→ Exercise objective: Look below for the line containing "by (simp add: sum.distrib[symmetric]"; from there through the line containing "assms by simp", both lines included, please set down each line exactly and nothing else.

→ Saved data entries:
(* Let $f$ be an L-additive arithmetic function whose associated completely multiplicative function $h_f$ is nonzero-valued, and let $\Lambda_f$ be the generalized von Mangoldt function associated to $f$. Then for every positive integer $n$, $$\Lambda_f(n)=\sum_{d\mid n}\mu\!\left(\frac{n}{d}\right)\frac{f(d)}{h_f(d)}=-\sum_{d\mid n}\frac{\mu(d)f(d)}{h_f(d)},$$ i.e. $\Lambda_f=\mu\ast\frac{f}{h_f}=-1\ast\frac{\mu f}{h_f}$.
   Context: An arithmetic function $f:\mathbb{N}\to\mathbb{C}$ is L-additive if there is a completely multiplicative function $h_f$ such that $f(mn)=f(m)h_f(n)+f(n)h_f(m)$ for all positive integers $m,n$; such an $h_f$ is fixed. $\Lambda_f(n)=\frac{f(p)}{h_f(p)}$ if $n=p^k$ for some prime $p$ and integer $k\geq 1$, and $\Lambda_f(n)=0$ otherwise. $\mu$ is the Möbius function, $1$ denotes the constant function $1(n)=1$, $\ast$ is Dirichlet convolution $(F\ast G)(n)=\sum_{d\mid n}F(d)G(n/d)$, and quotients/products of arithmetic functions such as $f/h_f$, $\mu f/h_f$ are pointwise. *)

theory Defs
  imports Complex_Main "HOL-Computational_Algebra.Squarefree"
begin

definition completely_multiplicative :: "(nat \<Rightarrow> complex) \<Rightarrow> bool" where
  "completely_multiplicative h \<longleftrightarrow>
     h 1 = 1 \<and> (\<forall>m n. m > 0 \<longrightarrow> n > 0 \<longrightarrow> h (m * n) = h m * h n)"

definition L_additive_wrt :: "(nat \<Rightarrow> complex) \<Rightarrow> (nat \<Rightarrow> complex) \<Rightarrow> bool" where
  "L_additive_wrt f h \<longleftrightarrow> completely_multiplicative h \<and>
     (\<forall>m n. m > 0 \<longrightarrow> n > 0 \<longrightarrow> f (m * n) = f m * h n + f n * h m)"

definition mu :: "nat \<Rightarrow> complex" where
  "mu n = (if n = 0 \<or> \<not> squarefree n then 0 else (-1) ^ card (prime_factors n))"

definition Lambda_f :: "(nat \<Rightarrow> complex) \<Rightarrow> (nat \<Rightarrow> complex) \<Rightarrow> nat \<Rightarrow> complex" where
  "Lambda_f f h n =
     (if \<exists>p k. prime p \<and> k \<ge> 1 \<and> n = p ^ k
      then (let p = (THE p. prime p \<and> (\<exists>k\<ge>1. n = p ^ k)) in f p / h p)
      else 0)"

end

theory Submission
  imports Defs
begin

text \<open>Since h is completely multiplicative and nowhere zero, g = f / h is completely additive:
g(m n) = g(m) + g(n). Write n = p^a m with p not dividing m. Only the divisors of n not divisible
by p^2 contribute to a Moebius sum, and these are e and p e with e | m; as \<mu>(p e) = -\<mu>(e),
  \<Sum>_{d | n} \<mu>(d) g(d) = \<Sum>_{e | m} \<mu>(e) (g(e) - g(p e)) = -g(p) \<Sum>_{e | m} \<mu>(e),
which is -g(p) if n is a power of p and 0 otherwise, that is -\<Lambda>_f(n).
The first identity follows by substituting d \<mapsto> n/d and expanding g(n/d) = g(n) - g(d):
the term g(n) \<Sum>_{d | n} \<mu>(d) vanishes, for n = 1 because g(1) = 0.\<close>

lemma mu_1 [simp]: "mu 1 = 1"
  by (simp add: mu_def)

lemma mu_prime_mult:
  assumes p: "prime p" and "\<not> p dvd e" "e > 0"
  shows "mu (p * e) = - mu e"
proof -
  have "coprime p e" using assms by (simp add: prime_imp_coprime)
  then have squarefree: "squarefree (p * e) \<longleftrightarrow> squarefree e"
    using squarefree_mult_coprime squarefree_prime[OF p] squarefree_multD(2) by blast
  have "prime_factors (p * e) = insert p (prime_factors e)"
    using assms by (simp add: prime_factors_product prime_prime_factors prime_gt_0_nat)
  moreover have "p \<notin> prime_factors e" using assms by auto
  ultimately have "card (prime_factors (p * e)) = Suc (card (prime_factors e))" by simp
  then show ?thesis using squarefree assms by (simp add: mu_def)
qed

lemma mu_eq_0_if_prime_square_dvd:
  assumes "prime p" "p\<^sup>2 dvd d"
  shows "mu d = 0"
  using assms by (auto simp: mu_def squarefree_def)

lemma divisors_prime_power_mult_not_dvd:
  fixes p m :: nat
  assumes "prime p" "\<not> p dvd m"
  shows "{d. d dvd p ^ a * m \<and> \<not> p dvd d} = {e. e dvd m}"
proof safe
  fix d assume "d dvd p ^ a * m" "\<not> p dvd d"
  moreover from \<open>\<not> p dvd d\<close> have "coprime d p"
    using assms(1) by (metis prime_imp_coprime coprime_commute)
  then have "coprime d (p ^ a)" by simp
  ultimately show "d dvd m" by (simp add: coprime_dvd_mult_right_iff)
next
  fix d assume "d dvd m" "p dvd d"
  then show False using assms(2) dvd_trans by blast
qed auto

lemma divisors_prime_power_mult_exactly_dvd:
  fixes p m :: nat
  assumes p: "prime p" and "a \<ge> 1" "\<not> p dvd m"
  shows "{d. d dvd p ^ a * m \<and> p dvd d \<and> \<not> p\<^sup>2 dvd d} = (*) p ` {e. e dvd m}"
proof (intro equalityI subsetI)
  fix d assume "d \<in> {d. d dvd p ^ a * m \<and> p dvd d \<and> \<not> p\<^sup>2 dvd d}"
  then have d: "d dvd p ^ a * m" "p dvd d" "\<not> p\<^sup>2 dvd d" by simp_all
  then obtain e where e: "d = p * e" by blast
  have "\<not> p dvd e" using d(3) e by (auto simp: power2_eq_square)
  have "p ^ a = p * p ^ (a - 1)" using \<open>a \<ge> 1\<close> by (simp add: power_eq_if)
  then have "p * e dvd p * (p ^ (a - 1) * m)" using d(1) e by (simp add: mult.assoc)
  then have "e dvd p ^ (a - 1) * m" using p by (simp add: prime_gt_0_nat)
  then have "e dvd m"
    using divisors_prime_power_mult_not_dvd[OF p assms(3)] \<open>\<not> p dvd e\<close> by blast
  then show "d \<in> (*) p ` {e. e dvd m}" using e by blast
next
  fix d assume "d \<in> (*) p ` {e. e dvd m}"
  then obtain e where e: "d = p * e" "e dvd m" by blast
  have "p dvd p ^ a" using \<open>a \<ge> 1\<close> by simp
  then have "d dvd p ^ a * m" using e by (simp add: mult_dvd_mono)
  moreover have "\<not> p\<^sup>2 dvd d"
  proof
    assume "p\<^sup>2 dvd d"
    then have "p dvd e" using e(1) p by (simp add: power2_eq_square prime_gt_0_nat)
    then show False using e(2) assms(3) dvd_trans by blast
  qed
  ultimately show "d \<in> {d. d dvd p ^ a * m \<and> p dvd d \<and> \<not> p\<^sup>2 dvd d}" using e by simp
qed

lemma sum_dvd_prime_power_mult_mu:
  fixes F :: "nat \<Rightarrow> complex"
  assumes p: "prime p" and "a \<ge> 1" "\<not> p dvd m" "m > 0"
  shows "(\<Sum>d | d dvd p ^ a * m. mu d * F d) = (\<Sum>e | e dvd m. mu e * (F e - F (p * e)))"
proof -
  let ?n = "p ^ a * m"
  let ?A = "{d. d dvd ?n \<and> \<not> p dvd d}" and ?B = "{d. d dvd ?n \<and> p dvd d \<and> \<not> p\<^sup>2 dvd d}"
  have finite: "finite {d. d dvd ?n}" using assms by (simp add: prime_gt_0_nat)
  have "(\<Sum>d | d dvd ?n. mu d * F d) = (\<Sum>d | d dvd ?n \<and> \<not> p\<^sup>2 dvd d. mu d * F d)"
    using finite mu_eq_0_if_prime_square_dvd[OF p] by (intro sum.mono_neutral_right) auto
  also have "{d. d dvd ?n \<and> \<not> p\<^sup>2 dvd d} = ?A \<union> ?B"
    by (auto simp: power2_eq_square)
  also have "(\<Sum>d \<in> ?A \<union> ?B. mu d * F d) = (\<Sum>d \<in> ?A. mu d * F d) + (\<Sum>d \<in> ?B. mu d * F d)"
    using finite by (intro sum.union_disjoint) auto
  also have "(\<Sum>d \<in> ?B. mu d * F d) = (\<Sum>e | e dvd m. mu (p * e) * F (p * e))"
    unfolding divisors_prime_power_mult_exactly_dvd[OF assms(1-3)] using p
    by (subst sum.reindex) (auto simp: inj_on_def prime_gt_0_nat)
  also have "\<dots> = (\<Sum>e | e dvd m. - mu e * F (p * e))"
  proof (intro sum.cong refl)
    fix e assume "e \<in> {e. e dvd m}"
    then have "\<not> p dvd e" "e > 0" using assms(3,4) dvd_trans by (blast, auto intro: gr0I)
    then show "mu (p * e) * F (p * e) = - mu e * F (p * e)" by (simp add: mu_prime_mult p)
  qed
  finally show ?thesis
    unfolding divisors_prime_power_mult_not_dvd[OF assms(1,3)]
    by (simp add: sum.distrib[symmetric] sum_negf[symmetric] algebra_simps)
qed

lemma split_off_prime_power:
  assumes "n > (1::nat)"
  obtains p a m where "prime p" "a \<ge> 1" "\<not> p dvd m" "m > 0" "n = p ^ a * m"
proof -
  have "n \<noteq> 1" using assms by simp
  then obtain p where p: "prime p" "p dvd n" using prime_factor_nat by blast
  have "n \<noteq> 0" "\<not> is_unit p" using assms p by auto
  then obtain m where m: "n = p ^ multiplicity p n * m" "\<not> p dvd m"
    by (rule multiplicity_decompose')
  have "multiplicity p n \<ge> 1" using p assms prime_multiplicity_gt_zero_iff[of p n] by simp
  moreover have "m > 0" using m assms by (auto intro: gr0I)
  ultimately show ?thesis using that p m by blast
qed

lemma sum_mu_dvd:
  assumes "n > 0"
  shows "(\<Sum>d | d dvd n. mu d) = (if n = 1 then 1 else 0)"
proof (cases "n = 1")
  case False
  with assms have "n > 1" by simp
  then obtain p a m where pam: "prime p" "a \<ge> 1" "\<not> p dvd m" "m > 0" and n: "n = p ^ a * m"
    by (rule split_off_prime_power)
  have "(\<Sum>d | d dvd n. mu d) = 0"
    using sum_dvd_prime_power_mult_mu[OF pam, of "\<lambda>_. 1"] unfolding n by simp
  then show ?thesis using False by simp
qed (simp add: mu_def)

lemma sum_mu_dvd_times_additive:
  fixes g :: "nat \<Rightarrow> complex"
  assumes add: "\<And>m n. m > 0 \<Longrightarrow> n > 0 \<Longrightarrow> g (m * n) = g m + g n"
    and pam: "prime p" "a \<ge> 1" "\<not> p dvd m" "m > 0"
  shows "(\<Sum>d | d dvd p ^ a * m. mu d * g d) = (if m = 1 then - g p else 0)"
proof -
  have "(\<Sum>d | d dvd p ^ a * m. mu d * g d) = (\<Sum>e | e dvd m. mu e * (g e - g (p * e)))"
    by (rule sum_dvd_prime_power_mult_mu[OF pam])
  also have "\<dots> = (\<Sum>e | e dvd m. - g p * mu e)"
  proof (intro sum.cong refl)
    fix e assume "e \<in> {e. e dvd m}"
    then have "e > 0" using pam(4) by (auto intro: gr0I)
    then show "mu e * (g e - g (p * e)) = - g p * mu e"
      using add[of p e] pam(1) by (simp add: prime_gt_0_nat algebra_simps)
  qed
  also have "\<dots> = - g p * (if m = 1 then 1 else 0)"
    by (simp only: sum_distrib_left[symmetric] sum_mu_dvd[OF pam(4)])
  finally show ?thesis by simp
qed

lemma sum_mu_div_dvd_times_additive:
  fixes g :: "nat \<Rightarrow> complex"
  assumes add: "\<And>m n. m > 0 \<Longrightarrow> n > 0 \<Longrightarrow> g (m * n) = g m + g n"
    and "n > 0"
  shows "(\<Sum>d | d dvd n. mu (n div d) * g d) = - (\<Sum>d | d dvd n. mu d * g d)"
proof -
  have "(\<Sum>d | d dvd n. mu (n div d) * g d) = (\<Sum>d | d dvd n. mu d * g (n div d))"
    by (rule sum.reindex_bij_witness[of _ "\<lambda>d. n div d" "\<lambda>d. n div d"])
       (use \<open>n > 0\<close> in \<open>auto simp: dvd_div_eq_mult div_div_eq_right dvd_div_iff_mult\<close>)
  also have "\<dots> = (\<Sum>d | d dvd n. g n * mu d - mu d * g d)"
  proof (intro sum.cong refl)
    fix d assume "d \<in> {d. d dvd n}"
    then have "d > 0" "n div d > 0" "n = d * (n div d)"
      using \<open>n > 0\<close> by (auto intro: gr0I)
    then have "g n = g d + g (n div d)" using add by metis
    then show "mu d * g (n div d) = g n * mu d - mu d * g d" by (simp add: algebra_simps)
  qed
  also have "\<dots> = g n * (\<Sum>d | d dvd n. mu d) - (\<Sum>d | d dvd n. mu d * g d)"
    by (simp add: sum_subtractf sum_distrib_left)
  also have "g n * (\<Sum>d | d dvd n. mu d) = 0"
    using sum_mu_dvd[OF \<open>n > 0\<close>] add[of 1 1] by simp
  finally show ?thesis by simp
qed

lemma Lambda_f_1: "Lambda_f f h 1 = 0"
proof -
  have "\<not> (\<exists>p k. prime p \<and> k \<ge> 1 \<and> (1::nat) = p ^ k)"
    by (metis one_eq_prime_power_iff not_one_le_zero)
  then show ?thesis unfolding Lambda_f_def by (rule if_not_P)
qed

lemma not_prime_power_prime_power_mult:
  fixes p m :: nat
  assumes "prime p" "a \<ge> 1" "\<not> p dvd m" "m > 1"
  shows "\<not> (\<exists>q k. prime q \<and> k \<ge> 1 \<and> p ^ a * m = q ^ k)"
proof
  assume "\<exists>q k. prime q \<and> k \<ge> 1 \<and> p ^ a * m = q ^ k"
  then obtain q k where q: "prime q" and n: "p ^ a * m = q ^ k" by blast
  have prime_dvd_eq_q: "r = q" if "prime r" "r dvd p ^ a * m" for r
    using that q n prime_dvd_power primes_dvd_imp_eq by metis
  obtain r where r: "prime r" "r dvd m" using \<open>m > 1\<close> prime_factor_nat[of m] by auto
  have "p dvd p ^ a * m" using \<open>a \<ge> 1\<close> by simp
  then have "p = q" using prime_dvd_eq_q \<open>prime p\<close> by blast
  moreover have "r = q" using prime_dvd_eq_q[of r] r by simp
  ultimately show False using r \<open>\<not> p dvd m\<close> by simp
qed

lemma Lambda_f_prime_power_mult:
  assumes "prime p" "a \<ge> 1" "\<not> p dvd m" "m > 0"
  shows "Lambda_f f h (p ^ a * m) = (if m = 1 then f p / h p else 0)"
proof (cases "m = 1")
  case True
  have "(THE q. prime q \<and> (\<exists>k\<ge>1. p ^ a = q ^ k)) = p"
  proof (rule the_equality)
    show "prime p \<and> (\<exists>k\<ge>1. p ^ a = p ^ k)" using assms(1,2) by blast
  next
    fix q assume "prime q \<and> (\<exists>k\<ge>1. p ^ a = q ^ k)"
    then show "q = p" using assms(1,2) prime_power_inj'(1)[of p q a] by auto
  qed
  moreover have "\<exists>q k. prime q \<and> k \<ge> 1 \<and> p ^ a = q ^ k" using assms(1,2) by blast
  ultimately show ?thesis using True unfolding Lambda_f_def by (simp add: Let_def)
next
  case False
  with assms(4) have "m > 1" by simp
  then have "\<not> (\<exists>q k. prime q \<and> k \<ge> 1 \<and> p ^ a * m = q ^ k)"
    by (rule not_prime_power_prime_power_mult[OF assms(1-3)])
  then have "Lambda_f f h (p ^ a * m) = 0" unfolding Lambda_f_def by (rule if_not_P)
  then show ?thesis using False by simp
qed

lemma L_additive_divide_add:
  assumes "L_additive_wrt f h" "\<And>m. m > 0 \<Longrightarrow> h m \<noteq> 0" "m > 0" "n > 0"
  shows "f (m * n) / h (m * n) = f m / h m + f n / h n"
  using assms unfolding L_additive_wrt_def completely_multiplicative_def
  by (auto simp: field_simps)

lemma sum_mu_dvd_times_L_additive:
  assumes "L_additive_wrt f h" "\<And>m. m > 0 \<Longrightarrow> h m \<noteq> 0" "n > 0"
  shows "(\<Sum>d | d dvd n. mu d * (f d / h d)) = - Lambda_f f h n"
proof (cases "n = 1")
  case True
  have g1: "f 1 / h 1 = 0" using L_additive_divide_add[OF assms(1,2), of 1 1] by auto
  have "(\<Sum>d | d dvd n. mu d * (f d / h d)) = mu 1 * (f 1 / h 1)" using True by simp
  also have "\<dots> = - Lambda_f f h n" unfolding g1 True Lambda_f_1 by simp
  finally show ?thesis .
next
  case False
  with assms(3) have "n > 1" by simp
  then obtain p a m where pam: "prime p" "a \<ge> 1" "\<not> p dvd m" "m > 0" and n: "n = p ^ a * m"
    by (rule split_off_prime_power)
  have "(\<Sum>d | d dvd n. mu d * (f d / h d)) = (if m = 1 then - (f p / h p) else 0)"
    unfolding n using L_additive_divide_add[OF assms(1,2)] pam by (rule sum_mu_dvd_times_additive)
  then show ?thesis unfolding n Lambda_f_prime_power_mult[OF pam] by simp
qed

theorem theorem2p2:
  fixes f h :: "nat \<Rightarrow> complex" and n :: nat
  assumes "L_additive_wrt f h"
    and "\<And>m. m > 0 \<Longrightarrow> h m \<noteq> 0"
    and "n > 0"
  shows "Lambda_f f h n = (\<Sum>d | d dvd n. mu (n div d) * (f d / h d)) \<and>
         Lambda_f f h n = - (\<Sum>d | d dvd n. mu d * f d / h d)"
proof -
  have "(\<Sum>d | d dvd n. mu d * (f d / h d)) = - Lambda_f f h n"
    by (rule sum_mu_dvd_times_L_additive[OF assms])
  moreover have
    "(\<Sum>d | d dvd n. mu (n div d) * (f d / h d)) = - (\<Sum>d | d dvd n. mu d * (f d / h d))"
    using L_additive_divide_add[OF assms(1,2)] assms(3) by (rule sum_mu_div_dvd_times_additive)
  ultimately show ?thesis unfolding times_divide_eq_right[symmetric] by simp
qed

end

→ Solution to this exercise:
    by (simp add: sum.distrib[symmetric] sum_negf[symmetric] algebra_simps)
qed

lemma split_off_prime_power:
  assumes "n > (1::nat)"
  obtains p a m where "prime p" "a \<ge> 1" "\<not> p dvd m" "m > 0" "n = p ^ a * m"
proof -
  have "n \<noteq> 1" using assms by simp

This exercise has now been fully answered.